Saved entries:
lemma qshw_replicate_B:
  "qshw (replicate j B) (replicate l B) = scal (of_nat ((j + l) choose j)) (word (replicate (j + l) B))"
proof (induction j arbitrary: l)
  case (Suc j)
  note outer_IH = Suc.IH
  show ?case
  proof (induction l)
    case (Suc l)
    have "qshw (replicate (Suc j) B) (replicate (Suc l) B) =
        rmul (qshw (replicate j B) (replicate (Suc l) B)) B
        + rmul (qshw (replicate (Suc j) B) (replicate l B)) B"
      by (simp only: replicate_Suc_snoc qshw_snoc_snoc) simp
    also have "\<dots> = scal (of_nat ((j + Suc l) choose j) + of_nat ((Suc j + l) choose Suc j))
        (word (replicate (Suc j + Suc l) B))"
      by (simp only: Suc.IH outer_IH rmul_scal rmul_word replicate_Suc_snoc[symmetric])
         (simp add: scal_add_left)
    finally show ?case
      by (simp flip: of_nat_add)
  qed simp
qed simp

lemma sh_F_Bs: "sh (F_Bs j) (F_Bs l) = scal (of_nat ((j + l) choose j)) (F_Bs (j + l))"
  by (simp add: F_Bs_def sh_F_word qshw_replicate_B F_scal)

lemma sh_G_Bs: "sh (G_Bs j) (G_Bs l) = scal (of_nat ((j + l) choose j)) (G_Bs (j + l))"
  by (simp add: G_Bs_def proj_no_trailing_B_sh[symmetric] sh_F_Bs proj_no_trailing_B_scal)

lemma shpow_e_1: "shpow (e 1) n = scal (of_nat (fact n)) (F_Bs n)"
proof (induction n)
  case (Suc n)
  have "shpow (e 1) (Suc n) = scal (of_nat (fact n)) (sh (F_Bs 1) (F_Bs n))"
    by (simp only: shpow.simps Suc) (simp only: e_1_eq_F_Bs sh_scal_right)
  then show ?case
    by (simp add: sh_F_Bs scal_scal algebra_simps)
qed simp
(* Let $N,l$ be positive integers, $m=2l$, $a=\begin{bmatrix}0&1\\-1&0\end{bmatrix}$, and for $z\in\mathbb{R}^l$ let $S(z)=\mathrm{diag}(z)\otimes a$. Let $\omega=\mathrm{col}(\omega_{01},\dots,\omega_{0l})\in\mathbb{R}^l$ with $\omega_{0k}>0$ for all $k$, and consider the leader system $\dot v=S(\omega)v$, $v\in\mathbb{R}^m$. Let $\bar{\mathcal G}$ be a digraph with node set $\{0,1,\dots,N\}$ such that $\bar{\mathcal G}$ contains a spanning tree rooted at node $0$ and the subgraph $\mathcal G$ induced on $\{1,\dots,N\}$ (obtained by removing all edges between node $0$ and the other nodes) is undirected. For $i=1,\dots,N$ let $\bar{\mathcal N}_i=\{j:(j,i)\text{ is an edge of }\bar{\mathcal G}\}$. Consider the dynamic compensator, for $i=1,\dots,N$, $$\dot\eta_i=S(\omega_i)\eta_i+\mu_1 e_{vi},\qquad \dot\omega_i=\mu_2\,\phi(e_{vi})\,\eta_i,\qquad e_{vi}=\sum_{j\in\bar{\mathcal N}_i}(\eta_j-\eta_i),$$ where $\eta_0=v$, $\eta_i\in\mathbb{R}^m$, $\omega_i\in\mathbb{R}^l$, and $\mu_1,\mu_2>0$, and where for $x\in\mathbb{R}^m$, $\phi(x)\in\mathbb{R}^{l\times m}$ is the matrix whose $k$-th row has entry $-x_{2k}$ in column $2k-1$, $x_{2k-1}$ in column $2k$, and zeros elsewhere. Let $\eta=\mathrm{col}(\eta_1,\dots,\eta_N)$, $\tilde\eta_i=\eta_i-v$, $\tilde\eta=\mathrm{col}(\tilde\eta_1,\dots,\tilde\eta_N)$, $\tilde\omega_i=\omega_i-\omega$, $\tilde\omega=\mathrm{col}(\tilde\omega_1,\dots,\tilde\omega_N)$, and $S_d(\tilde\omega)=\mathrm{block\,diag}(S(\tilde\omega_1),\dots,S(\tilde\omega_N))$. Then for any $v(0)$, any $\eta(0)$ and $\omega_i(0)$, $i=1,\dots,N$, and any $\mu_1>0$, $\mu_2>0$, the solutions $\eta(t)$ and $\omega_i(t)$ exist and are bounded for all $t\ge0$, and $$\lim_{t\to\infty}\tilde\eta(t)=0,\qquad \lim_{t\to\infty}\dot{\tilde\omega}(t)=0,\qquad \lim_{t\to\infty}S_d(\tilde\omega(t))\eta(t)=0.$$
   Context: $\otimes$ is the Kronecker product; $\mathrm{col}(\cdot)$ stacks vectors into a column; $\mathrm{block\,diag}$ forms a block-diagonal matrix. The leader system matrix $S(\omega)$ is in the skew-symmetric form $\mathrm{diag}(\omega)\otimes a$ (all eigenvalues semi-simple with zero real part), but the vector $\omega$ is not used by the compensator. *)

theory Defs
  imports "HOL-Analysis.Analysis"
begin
* * *
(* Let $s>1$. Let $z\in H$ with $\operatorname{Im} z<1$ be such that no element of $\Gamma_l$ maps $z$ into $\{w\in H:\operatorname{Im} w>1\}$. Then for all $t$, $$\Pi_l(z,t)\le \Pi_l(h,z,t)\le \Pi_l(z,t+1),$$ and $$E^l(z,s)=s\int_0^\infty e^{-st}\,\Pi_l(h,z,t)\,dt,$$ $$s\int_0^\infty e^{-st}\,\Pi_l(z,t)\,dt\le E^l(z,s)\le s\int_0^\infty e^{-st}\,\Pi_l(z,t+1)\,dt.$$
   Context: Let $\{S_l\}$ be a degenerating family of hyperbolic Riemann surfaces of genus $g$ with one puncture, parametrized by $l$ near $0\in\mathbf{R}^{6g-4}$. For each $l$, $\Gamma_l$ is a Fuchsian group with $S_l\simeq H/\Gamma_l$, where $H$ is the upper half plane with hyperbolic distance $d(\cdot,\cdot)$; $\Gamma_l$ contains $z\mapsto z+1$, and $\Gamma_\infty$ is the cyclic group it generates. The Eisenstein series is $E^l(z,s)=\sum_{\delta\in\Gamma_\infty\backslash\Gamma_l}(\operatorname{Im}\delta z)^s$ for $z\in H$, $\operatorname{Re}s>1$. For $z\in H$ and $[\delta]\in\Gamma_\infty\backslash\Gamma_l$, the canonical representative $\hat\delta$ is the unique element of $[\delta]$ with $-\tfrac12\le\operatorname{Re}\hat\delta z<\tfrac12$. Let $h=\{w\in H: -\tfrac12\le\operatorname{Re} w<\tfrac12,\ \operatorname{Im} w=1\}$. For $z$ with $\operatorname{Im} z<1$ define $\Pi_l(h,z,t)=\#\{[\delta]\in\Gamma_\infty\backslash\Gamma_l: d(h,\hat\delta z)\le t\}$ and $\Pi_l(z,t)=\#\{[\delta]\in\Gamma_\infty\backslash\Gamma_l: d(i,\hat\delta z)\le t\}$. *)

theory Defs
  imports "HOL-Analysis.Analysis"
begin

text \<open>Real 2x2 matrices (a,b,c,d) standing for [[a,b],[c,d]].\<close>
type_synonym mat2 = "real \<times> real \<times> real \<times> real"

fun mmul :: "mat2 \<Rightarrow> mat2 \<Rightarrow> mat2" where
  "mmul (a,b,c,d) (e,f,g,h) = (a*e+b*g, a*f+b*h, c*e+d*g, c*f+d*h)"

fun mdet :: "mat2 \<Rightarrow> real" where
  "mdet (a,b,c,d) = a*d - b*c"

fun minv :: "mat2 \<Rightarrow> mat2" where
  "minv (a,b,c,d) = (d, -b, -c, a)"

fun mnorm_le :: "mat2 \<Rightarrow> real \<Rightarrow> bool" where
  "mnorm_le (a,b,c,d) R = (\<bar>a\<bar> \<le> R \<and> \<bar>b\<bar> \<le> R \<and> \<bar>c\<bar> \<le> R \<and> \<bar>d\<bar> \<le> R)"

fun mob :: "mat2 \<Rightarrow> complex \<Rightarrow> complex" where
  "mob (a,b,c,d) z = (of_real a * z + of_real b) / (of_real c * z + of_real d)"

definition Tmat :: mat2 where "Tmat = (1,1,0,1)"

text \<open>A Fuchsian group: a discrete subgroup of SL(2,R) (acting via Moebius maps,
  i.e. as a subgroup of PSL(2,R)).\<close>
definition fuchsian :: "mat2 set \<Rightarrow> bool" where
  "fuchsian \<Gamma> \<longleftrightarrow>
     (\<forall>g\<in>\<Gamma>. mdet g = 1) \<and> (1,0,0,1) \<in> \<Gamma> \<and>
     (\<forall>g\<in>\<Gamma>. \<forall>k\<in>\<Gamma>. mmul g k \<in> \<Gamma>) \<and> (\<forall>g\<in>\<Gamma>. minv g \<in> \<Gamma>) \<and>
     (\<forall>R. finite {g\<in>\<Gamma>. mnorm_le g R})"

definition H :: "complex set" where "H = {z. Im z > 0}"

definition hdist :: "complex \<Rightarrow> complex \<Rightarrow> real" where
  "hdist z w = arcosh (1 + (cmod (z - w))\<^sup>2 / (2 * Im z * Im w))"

What needs to be done: Report each line in the entries where the string "shpow" occurs.

Task result:
lemma shpow_e_1: "shpow (e 1) n = scal (of_nat (fact n)) (F_Bs n)"
  have "shpow (e 1) (Suc n) = scal (of_nat (fact n)) (sh (F_Bs 1) (F_Bs n))"
    by (simp only: shpow.simps Suc) (simp only: e_1_eq_F_Bs sh_scal_right)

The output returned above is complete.